[Stored data]
lemma inner_sq_div_le_cost_sq:
  assumes "\<beta> \<ge> 0" and "fst (snd z) = fst (snd z')"
  shows "ennreal ((\<rho> \<bullet> (fst z' - fst z))\<^sup>2 / (norm \<rho>)\<^sup>2) \<le> cost_sq \<beta> z z'"
proof -
  obtain x a y x' y' where z: "z = (x, a, y)" "z' = (x', a, y')"
    using assms(2) by (cases z; cases z') auto
  have "(\<rho> \<bullet> (x' - x))\<^sup>2 \<le> (norm \<rho> * norm (x - x'))\<^sup>2"
    by (metis Cauchy_Schwarz_ineq2 abs_ge_zero norm_minus_commute power2_abs power_mono)
  then have "(\<rho> \<bullet> (x' - x))\<^sup>2 / (norm \<rho>)\<^sup>2 \<le> (norm (x - x'))\<^sup>2"
    by (cases "\<rho> = 0") (simp_all add: divide_le_eq power_mult_distrib mult.commute)
  also have "\<dots> \<le> (norm (x - x') + \<beta> * \<bar>y - y'\<bar>)\<^sup>2"
    using assms(1) by (intro power_mono) auto
  finally show ?thesis
    by (simp add: z cost_sq_def ennreal_leI)
qed

lemma ennreal_integral_le_nn_integral:
  fixes f :: "'a \<Rightarrow> real"
  assumes "integrable M f" and "AE x in M. ennreal (f x) \<le> g x"
  shows "ennreal (integral\<^sup>L M f) \<le> integral\<^sup>N M g"
proof -
  have "ennreal (integral\<^sup>L M f) \<le> ennreal (\<integral>x. max 0 (f x) \<partial>M)"
    using assms(1) by (intro ennreal_leI integral_mono) auto
  also have "\<dots> = (\<integral>\<^sup>+ x. ennreal (max 0 (f x)) \<partial>M)"
    using assms(1) by (intro nn_integral_eq_integral[symmetric]) auto
  also have "\<dots> = (\<integral>\<^sup>+ x. ennreal (f x) \<partial>M)"
    by (intro nn_integral_cong) (simp add: max_def ennreal_neg)
  also have "\<dots> \<le> integral\<^sup>N M g"
    using assms(2) by (intro nn_integral_mono_AE)
  finally show ?thesis .
qed

lemma coupling_cost_ge:
  fixes \<pi> :: "('n::finite sample \<times> 'n sample) measure" and h :: "bool \<Rightarrow> real"
    and \<rho> :: "real^'n" and \<sigma> :: real
  defines "R \<equiv> \<lambda>z::'n sample. h (fst (snd z)) * (\<rho> \<bullet> fst z + \<sigma>)"
    and "H \<equiv> \<lambda>z::'n sample. (h (fst (snd z)))\<^sup>2"
  assumes \<pi>: "\<pi> \<in> couplings P Q" and "sets P = sets borel" and "sets Q = sets borel"
    and "integrable P R" and "integrable P H" and "integrable Q R" and "integral\<^sup>L Q R = 0"
    and "\<beta> \<ge> 0"
  shows "ennreal ((- 2 * t * integral\<^sup>L P R - t\<^sup>2 * integral\<^sup>L P H) / (norm \<rho>)\<^sup>2)
    \<le> (\<integral>\<^sup>+ w. cost_sq \<beta> (fst w) (snd w) \<partial>\<pi>)"
proof (cases "(\<integral>\<^sup>+ w. cost_sq \<beta> (fst w) (snd w) \<partial>\<pi>) = \<infinity>")
  case False
  have "sets \<pi> = sets (borel \<Otimes>\<^sub>M borel)"
    using \<pi> sets_pair_measure_cong[OF assms(4,5)] by (simp add: couplings_def)
  then have same_group: "AE w in \<pi>. fst (snd (fst w)) = fst (snd (snd w))"
    using False by (rule AE_same_group_if_cost_finite)
  have "R \<in> borel_measurable borel" "H \<in> borel_measurable borel"
    unfolding R_def H_def by measurable
  then have "R \<in> borel_measurable P" "H \<in> borel_measurable P" "R \<in> borel_measurable Q"
    using measurable_cong_sets[OF assms(4) refl] measurable_cong_sets[OF assms(5) refl] by blast+
  note transfer = coupling_integral_fst[OF \<pi> this(1) assms(6)] coupling_integral_fst[OF \<pi> this(2) assms(7)]
    coupling_integral_snd[OF \<pi> this(3) assms(8)]
  define F where "F w = (2 * t * (R (snd w) - R (fst w)) - t\<^sup>2 * H (fst w)) / (norm \<rho>)\<^sup>2" for w
  have F_integrable: "integrable \<pi> F"
    unfolding F_def using transfer assms(6-8) by simp
  have F_integral: "integral\<^sup>L \<pi> F = (- 2 * t * integral\<^sup>L P R - t\<^sup>2 * integral\<^sup>L P H) / (norm \<rho>)\<^sup>2"
    unfolding F_def using transfer assms(6-9) by (simp add: algebra_simps)
  have F_le_cost: "ennreal (F w) \<le> cost_sq \<beta> (fst w) (snd w)"
    if "fst (snd (fst w)) = fst (snd (snd w))" for w
  proof -
    define k where "k = h (fst (snd (fst w)))"
    define g where "g = \<rho> \<bullet> (fst (snd w) - fst (fst w))"
    have "F w = (2 * t * k * g - t\<^sup>2 * k\<^sup>2) / (norm \<rho>)\<^sup>2"
      unfolding F_def R_def H_def k_def g_def using that by (simp add: algebra_simps inner_diff_right)
    also have "\<dots> \<le> g\<^sup>2 / (norm \<rho>)\<^sup>2"
    proof (intro divide_right_mono)
      show "2 * t * k * g - t\<^sup>2 * k\<^sup>2 \<le> g\<^sup>2"
        using zero_le_power2[of "g - t * k"] by (simp add: power2_eq_square algebra_simps)
    qed simp
    finally show ?thesis
      unfolding g_def using inner_sq_div_le_cost_sq[OF assms(10) that, of \<rho>]
      by (meson ennreal_leI order_trans)
  qed
  have "AE w in \<pi>. ennreal (F w) \<le> cost_sq \<beta> (fst w) (snd w)"
    using same_group by eventually_elim (rule F_le_cost)
  from ennreal_integral_le_nn_integral[OF F_integrable this] show ?thesis
    by (simp only: F_integral)
qed simp

lemma proj_T_ge:
  fixes \<rho> :: "real^'n::finite"
  assumes "\<beta> \<ge> 0"
  shows "ennreal ((\<Sum>i<N. lam N ah (ah i) * (\<rho> \<bullet> xh i + \<sigma>))\<^sup>2 /
      (real N * (norm \<rho>)\<^sup>2 * (\<Sum>i<N. (lam N ah (ah i))\<^sup>2))) \<le> proj_T N xh ah yh \<rho> \<sigma> \<beta>"
    (is "ennreal (?S\<^sup>2 / (_ * ?L)) \<le> _")
proof -
  define R where "R = (\<lambda>z::'n sample. lam N ah (fst (snd z)) * (\<rho> \<bullet> fst z + \<sigma>))"
  define H where "H = (\<lambda>z::'n sample. (lam N ah (fst (snd z)))\<^sup>2)"
  have R_meas: "R \<in> borel_measurable borel" and H_meas: "H \<in> borel_measurable borel"
    unfolding R_def H_def by measurable
  let ?P = "emp_dist N xh ah yh"
  have P_integrals: "integral\<^sup>L ?P R = ?S / N" "integral\<^sup>L ?P H = ?L / N"
    by (simp_all add: integral_emp_dist R_meas H_meas) (simp_all add: R_def H_def)
  define t where "t = - (?S / N) / (?L / N)"
  \<comment> \<open>also when \<open>N = 0\<close> or \<open>?L = 0\<close>: then \<open>t = 0\<close> and both sides are \<open>0\<close>, as \<open>x / 0 = 0\<close>\<close>
  have optimal_t: "(- 2 * t * (?S / N) - t\<^sup>2 * (?L / N)) / (norm \<rho>)\<^sup>2 = ?S\<^sup>2 / (N * (norm \<rho>)\<^sup>2 * ?L)"
    by (cases "N = 0 \<or> ?L = 0") (auto simp: t_def field_simps power2_eq_square)
  show ?thesis
    unfolding proj_T_def Wc_sq_def
  proof (intro INF_greatest, clarify)
    fix Q \<pi>
    assume Q: "prob_space Q" "sets Q = sets borel" "integrable Q (phi N ah \<rho> \<sigma>)"
      "(\<integral>z. phi N ah \<rho> \<sigma> z \<partial>Q) = 0" and \<pi>: "\<pi> \<in> couplings ?P Q"
    have "phi N ah \<rho> \<sigma> = R"
      by (simp add: fun_eq_iff phi_eq R_def)
    with Q have "integrable Q R" "integral\<^sup>L Q R = 0"
      by simp_all
    moreover have "integrable ?P R" "integrable ?P H"
      using R_meas H_meas by (simp_all add: integrable_emp_dist)
    ultimately have "ennreal ((- 2 * t * integral\<^sup>L ?P R - t\<^sup>2 * integral\<^sup>L ?P H) / (norm \<rho>)\<^sup>2)
        \<le> (\<integral>\<^sup>+ w. cost_sq \<beta> (fst w) (snd w) \<partial>\<pi>)"
      unfolding R_def H_def by (intro coupling_cost_ge[OF \<pi> sets_emp_dist Q(2)] assms)
    then show "ennreal (?S\<^sup>2 / (N * (norm \<rho>)\<^sup>2 * ?L)) \<le> (\<integral>\<^sup>+ w. cost_sq \<beta> (fst w) (snd w) \<partial>\<pi>)"
      by (simp only: P_integrals optimal_t)
  qed
qed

__The task__: Whenever a line above contains "fixes", copy that line.

__Task answer__:
  fixes f :: "'a \<Rightarrow> real"
  fixes \<pi> :: "('n::finite sample \<times> 'n sample) measure" and h :: "bool \<Rightarrow> real"
  fixes \<rho> :: "real^'n::finite"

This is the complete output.